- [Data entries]
»»
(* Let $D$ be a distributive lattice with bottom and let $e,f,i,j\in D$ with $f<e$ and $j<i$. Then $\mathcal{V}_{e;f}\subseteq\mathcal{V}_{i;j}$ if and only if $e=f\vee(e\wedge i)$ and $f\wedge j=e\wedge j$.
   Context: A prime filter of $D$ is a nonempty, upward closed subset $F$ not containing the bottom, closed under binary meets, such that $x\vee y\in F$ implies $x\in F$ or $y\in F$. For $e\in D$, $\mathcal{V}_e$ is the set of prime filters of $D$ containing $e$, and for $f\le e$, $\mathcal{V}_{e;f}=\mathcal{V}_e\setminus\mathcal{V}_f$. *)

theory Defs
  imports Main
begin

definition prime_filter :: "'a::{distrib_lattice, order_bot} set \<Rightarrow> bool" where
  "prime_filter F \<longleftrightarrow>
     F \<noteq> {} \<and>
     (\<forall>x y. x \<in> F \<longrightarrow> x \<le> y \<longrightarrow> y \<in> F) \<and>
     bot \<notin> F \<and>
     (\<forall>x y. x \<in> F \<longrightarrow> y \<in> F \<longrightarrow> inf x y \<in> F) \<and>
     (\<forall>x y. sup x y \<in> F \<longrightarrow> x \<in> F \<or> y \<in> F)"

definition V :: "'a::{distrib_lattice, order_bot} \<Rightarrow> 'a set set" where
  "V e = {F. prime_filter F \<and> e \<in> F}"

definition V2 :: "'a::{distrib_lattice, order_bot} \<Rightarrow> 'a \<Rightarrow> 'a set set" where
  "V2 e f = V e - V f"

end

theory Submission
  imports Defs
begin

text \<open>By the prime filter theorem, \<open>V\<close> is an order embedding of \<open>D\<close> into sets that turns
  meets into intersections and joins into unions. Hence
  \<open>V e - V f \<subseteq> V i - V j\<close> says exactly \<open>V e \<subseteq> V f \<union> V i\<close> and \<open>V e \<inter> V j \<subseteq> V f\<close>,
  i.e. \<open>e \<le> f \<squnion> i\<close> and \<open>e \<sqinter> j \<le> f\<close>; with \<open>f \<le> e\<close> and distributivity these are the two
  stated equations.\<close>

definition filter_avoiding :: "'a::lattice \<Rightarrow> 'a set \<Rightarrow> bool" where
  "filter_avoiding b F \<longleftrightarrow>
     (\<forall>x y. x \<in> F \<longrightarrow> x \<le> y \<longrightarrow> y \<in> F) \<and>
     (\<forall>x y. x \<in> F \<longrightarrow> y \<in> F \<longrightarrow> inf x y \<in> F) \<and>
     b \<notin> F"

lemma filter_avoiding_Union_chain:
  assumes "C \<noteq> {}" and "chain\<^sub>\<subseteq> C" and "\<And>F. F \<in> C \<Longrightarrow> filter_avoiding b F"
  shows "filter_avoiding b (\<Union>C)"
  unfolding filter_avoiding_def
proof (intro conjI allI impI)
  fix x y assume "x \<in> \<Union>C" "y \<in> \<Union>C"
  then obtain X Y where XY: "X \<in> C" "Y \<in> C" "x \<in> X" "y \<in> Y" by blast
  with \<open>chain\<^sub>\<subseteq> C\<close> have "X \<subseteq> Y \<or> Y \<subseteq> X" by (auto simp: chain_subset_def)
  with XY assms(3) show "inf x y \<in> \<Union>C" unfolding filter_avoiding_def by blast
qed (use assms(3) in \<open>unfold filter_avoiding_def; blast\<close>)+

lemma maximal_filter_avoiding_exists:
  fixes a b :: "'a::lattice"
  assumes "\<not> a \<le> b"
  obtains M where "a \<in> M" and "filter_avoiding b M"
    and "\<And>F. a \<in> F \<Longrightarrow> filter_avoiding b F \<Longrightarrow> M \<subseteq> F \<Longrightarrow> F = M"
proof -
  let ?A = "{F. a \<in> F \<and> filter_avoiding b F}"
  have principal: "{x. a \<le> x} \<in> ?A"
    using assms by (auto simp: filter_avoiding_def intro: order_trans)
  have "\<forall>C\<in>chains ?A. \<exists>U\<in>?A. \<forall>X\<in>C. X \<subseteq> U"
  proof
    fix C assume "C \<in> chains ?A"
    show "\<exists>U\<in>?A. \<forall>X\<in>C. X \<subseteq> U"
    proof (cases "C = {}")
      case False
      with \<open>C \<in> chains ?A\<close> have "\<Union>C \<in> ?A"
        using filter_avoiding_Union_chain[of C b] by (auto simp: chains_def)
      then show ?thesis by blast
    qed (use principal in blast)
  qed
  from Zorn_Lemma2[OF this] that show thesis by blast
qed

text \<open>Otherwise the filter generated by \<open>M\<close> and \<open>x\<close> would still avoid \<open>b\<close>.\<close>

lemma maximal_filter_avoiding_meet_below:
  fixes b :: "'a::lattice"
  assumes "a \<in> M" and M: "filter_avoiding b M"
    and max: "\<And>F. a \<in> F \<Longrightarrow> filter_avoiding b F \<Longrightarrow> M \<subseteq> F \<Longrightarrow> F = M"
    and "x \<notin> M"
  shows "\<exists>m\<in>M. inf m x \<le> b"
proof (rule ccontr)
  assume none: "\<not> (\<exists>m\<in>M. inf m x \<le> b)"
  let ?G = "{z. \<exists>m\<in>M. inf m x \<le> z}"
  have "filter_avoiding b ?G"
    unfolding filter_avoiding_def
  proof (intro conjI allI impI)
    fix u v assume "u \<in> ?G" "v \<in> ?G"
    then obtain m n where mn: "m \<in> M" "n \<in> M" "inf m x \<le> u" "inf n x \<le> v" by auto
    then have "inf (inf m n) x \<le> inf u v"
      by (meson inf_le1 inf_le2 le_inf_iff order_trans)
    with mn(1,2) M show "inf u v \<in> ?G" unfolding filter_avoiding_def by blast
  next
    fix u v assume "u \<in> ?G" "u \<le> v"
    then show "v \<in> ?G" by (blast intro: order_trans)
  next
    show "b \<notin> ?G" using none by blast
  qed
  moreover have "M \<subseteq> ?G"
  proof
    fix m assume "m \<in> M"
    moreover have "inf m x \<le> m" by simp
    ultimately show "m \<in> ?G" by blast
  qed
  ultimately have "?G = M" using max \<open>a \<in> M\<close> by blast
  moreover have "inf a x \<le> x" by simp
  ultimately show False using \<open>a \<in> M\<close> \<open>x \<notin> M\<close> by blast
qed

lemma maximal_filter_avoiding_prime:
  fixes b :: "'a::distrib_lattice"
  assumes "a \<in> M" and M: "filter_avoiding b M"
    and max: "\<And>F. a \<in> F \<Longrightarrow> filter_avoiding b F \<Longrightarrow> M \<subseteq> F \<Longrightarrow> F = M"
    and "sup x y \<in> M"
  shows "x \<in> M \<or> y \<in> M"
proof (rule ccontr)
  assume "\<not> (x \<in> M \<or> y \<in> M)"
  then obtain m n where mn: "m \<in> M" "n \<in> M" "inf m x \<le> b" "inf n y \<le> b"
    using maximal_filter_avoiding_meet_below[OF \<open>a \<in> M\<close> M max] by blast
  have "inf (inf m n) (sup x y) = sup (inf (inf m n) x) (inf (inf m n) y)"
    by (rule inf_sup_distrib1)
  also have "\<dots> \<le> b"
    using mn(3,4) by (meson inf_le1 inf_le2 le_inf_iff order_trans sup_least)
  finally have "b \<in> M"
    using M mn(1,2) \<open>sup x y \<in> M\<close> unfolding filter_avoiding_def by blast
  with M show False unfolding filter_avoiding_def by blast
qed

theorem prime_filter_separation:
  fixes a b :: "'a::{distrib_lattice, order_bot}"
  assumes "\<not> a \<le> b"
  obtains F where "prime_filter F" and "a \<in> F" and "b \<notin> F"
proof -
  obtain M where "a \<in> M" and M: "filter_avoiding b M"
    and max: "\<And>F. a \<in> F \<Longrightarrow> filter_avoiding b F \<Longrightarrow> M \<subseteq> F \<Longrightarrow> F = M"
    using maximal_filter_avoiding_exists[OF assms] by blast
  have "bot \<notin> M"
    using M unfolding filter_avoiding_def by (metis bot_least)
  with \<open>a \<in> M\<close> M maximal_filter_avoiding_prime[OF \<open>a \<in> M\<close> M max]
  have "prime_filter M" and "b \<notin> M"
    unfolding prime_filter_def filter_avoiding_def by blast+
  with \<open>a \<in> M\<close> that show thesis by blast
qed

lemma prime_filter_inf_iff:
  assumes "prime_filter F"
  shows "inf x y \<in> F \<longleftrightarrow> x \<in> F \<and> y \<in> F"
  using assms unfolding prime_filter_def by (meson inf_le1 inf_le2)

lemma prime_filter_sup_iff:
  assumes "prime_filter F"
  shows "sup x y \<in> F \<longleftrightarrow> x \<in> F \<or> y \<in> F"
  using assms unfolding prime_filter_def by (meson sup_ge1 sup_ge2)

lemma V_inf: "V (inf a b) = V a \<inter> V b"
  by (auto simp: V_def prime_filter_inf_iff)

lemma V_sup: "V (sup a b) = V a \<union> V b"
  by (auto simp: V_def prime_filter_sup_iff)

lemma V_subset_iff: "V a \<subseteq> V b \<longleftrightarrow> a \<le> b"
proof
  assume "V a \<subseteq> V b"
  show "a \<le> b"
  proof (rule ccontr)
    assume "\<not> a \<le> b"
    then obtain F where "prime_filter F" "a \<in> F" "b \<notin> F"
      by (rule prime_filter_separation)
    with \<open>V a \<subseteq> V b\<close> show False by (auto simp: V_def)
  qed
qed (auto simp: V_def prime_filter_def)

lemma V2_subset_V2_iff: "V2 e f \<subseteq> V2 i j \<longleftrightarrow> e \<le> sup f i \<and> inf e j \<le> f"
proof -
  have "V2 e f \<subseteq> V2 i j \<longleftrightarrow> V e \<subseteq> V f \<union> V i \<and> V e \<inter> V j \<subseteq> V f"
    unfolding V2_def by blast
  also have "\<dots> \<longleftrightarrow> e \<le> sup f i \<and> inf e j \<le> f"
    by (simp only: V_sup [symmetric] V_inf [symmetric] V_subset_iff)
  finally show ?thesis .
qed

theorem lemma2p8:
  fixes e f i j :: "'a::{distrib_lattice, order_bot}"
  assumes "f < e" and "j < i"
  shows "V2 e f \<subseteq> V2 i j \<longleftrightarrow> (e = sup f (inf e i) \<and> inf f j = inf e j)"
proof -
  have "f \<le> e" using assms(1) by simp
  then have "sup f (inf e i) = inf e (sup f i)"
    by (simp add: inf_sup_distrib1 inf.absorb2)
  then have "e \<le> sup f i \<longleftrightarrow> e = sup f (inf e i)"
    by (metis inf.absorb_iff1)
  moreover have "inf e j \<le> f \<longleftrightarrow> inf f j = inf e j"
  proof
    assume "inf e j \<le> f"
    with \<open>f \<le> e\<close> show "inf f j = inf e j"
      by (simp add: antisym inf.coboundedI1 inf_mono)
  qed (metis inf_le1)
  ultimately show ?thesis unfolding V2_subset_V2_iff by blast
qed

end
««
»»
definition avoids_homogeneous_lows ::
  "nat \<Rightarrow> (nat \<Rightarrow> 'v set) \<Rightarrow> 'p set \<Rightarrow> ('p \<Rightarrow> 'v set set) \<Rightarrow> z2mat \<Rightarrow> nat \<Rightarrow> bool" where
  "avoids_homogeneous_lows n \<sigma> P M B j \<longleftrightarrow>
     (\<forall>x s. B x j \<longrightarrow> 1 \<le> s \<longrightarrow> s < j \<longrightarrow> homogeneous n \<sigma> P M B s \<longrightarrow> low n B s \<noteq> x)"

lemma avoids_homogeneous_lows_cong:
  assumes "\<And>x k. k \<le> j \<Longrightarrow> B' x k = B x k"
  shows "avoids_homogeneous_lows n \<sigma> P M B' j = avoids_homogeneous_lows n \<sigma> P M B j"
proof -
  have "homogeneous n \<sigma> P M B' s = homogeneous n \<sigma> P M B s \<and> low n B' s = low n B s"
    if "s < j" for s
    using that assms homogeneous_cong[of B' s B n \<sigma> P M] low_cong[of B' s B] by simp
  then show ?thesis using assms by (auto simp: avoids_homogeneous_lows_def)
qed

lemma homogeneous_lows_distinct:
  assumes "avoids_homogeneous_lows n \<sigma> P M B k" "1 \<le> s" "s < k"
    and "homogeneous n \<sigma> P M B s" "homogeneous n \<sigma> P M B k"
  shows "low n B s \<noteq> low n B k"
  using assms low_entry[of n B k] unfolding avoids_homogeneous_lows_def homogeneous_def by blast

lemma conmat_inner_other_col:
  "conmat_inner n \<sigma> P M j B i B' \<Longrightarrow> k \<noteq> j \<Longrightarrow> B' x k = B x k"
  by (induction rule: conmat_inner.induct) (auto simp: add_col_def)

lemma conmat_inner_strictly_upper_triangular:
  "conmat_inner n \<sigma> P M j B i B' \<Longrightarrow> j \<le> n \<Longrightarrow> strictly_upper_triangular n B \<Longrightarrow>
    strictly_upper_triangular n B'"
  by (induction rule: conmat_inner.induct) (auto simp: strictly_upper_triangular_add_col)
««
»»
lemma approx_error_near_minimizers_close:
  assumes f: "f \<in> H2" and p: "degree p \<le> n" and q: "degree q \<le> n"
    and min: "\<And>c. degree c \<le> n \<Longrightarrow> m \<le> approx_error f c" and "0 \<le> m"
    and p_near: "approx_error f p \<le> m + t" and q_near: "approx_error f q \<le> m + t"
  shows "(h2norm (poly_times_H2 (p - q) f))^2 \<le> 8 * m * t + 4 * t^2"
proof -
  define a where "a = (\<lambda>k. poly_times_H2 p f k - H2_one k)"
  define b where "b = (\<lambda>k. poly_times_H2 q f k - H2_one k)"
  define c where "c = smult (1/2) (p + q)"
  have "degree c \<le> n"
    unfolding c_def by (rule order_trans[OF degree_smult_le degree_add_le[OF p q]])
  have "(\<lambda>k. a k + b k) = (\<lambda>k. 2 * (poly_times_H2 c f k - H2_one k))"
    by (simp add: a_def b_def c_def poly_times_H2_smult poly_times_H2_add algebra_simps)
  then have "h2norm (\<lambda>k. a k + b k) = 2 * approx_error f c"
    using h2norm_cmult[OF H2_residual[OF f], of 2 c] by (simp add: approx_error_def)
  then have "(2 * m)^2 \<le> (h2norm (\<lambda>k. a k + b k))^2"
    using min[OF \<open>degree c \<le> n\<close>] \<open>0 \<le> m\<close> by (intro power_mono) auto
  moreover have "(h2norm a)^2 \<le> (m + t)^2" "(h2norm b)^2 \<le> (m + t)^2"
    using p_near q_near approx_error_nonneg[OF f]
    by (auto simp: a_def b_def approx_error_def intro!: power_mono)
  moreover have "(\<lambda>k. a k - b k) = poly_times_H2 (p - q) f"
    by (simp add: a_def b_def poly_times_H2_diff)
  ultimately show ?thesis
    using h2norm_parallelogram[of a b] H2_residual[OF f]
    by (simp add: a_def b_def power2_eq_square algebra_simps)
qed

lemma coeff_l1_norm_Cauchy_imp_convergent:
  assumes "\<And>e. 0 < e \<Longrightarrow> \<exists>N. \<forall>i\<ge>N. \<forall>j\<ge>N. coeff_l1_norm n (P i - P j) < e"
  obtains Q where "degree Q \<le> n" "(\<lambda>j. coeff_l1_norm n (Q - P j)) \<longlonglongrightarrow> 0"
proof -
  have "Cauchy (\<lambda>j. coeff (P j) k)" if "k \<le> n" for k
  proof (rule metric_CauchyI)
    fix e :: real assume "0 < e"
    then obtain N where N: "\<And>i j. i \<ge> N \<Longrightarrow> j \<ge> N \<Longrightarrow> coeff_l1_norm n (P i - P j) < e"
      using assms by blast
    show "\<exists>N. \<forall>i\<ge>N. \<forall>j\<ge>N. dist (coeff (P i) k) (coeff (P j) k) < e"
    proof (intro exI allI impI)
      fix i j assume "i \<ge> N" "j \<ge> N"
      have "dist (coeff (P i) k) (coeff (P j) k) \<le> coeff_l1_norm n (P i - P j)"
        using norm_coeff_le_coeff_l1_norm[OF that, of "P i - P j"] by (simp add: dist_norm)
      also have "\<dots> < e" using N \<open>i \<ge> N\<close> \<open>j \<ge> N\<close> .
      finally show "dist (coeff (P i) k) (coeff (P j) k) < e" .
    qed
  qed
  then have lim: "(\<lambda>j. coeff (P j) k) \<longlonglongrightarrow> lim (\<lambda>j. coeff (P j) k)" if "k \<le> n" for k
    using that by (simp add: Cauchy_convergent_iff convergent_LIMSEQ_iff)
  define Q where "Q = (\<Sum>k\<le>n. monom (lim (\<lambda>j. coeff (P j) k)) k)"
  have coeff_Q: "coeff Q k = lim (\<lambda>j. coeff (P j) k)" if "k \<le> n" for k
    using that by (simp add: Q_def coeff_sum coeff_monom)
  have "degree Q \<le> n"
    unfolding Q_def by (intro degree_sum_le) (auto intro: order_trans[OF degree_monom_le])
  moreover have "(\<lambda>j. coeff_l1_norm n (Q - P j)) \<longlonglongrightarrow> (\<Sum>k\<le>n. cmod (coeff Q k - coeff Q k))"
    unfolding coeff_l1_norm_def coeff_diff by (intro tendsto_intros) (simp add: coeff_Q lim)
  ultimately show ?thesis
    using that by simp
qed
««
- [Problem] Across all lines of the data above, count those that contain the word "allI", giving the number without further comment.

- [Result] 3